Candidarsi all’estero, Berlusconi eleggibile solo se cittadino altro paese Ue

ROMA  – Berlusconi potrebbe candidarsi alle elezioni europee in un paese comunitario diverso dall’Italia, aggirando così l’ineleggibilità per 6 anni prevista dalla legge Severino e l’interdizione di 2 anni dai pubblici uffici stabilita dalla sentenza Mediaset? La risposta è NO se provasse semplicemente a candidarsi all’estero, SI’ se prendesse la cittadinanza di un altro paese dell’Unione. La direttiva Ue 109 del ’93 che disciplina l’eleggibilità prevede infatti che “ogni cittadino dell’Unione che risiede in uno Stato membro senza averne la cittadinanza e che, per effetto di una decisione individuale in materia civile o penale, è decaduto dal diritto di eleggibilità in forza del diritto dello stato membro di residenza o di quello dello stato membro di origine, è escluso dall’esercizio di questo diritto nello Stato membro di residenza in occasione delle elezioni al Parlamento europeo”.
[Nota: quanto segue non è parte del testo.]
(* Let $n\ge 3$ be an integer, $r\in\mathbb R$, and define $G_n(x;r)=\bigl((-1)^{n+1}\psi_2^{(n)}(x)\bigr)^r$ for $x>0$. Then: (1) $x\mapsto G_n(x;r)$ is strictly convex on $(0,\infty)$ for $r\in\left(-\infty,-\frac{1}{n-1}\right)\cup(0,\infty)$, and strictly concave on $(0,\infty)$ for $r\in\left(-\frac{1}{n+1},0\right)$. (2) For $r\in\left(-\infty,-\frac{1}{n-1}\right)$ and all $x,y>0$, $$\bigl((-1)^{n+1}\psi_2^{(n)}(x)\bigr)^r+\bigl((-1)^{n+1}\psi_2^{(n)}(y)\bigr)^r<\bigl((-1)^{n+1}\psi_2^{(n)}(x+y)\bigr)^r.$$ (3) For $r\in\left(-\frac{1}{n+1},0\right)$ and all $x,y>0$, $$\bigl((-1)^{n+1}\psi_2^{(n)}(x)\bigr)^r+\bigl((-1)^{n+1}\psi_2^{(n)}(y)\bigr)^r>\bigl((-1)^{n+1}\psi_2^{(n)}(x+y)\bigr)^r.$$
   Context: For an integer $n\ge 2$ and $x>0$, the poly-double gamma function is defined by $$\psi_2^{(n)}(x)=(-1)^{n+1}\,n!\sum_{k=0}^{\infty}\frac{1+k}{(x+k)^{n+1}} .$$ Note that $(-1)^{n+1}\psi_2^{(n)}(x)>0$ for $x>0$. *)

theory Defs
  imports "HOL-Analysis.Analysis"
begin

definition psi2 :: "nat \<Rightarrow> real \<Rightarrow> real" where
  "psi2 n x = (-1) ^ (n + 1) * fact n * (\<Sum>k. (1 + real k) / (x + real k) ^ (n + 1))"

definition G :: "nat \<Rightarrow> real \<Rightarrow> real \<Rightarrow> real" where
  "G n r x = ((-1) ^ (n + 1) * psi2 n x) powr r"

definition strictly_convex_on :: "real set \<Rightarrow> (real \<Rightarrow> real) \<Rightarrow> bool" where
  "strictly_convex_on S f \<longleftrightarrow> convex S \<and>
    (\<forall>x\<in>S. \<forall>y\<in>S. \<forall>t. x \<noteq> y \<longrightarrow> 0 < t \<longrightarrow> t < 1 \<longrightarrow>
       f ((1 - t) * x + t * y) < (1 - t) * f x + t * f y)"

definition strictly_concave_on :: "real set \<Rightarrow> (real \<Rightarrow> real) \<Rightarrow> bool" where
  "strictly_concave_on S f \<longleftrightarrow> strictly_convex_on S (\<lambda>x. - f x)"

end

theory Submission
  imports Defs "HOL-Probability.Distributions"
begin

(* Write F = (-1)^(n+1) psi2^(n) = n! zeta2 (n+1), where zeta2 j x = sum_k (1+k)/(x+k)^j.
   Then (F^r)'' = r F^(r-2) ((r-1) F'^2 + F F''), and the sign of (r-1) F'^2 + F F'' is decided by
   comparing zeta2 (n+2)^2 with zeta2 (n+1) zeta2 (n+3).  Cauchy-Schwarz gives
   zeta2 (n+2)^2 <= zeta2 (n+1) zeta2 (n+3), which settles r > 0 and -1/(n+1) < r < 0.  For
   r < -1/(n-1) one needs the reverse estimate
   (n-1)(n+2) zeta2 (n+1) zeta2 (n+3) <= n(n+1) zeta2 (n+2)^2.  It follows from the representation
   m! zeta2 (m+1) x = integral over t > 0 of t^m e^(-xt) / (1 - e^(-t))^2: the weight
   t^2 e^(-xt) / (1 - e^(-t))^2 is log-concave, and the moments of a log-concave weight satisfy
   (k+1) m_k m_(k+2) <= (k+2) m_(k+1)^2, because the difference with the exponential weight having
   the same m_k and m_(k+1) changes sign at most twice.
   Finally, a strictly convex function on (0, oo) that tends to 0 at 0 is strictly superadditive,
   and F^r -> 0 at 0 for r < 0; this gives (2) and (3). *)

section \<open>Sign changes and moments of log-concave weights\<close>

lemma convex_subset_Ioi_cases:
  fixes P :: "real set"
  assumes P: "P \<subseteq> {0<..}" "convex P"
  obtains (unbounded) a where "0 \<le> a" "\<And>t. a < t \<Longrightarrow> t \<in> P" "\<And>t. t < a \<Longrightarrow> t \<notin> P"
    | (bounded) a b where "0 \<le> a" "a \<le> b" "\<And>t. a < t \<Longrightarrow> t < b \<Longrightarrow> t \<in> P"
        "\<And>t. t < a \<or> b < t \<Longrightarrow> t \<notin> P"
proof -
  have between: "t \<in> P" if "p \<in> P" "q \<in> P" "p \<le> t" "t \<le> q" for p q t
    using P(2) that unfolding is_interval_convex_1[symmetric] is_interval_1 by blast
  have below: "bdd_below P"
    using P(1) by (intro bdd_belowI[of _ 0]) auto
  have above_Inf: "t \<in> P" if "Inf P < t" "\<exists>q\<in>P. t < q" for t
    using between that cInf_less_iff[of P t] below by (metis empty_iff less_imp_le)
  show thesis
  proof (cases "P = {}")
    case True
    then show thesis by (intro bounded[of 0 0]) auto
  next
    case nonempty: False
    have Inf_nonneg: "0 \<le> Inf P"
      using P(1) nonempty by (intro cInf_greatest) auto
    have below_Inf: "t \<notin> P" if "t < Inf P" for t
      using that cInf_lower[OF _ below, of t] by linarith
    show thesis
    proof (cases "bdd_above P")
      case True
      show thesis
      proof (rule bounded[of "Inf P" "Sup P"])
        show "Inf P \<le> Sup P"
          using nonempty True below by (meson all_not_in_conv cInf_le_cSup)
        show "t \<in> P" if "Inf P < t" "t < Sup P" for t
          using that nonempty True by (intro above_Inf) (auto simp: less_cSup_iff)
        show "t \<notin> P" if "t < Inf P \<or> Sup P < t" for t
          using that below_Inf cSup_upper[OF _ True, of t] by fastforce
      qed (fact Inf_nonneg)
    next
      case False
      show thesis
      proof (rule unbounded[of "Inf P"])
        show "t \<in> P" if "Inf P < t" for t
          using that False unfolding bdd_above_def by (intro above_Inf) (auto simp: not_le)
      qed (use Inf_nonneg below_Inf in auto)
    qed
  qed
qed

lemma convex_superlevel_concave:
  fixes f :: "'a::real_vector \<Rightarrow> real"
  assumes f: "concave_on S f"
  shows "convex {x \<in> S. c < f x}"
  unfolding convex_alt
proof (intro ballI allI impI)
  fix x y and u :: real
  assume x: "x \<in> {x \<in> S. c < f x}" and y: "y \<in> {x \<in> S. c < f x}" and u: "0 \<le> u \<and> u \<le> 1"
  have "convex S"
    using f unfolding concave_on_def by (rule convex_on_imp_convex)
  then have mem: "(1 - u) *\<^sub>R x + u *\<^sub>R y \<in> S"
    using x y u by (simp add: convex_alt)
  have "c < min (f x) (f y)"
    using x y by simp
  also have "min (f x) (f y) = (1 - u) * min (f x) (f y) + u * min (f x) (f y)"
    by (simp add: algebra_simps)
  also have "\<dots> \<le> (1 - u) * f x + u * f y"
    using u by (intro add_mono mult_left_mono) auto
  also have "\<dots> \<le> f ((1 - u) *\<^sub>R x + u *\<^sub>R y)"
    using concave_onD[OF f, of u x y] x y u by simp
  finally show "(1 - u) *\<^sub>R x + u *\<^sub>R y \<in> {x \<in> S. c < f x}"
    using mem by simp
qed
Tradotto dal burocratese comunitario, Berlusconi non potrebbe candidarsi in un altro paese Ue perché è stato dichiarato ineleggibile nel suo paese d’origine. Diverso è il discorso se il Cavaliere ottenesse la cittadinanza di un altro paese comunitario. Se in quel paese avesse i requisiti previsti dalla legge locale, potrebbe candidarsi. Secondo le ultime voci, per lo più incontrollate, a Berlusconi sarebbero state proposte opzioni quali l’Ungheria, la Bulgaria o l’Estonia.

In Ungheria il premier è l’ultranazionalista Viktor Orban, vecchio amico del leader di FI. In Bulgaria basta investire 511.000 euro nell’economia nazionale per avere la cittadinanza. Ma in realtà, quest’ultima ipotesi è impraticabile perché a Sofia non può candidarsi lo straniero che sia stato privato del diritto di candidarsi nello stato di cui è cittadino. In altri paesi però, la strada potrebbe essere praticabile. Ma Berlusconi dovrebbe fare in fretta, perché le europee sono previste per fine maggio 2014. Non dovrebbe essere una difficoltà invece la norma della direttiva 109 che prevede che un cittadino comunitario, per presentarsi candidato in un altro paese, deve presentare un attestato delle autorità del suo paese che certifichi che non è ineleggibile. Tale norma secondo gli esperti vale per lo straniero comunitario, non per il cittadino.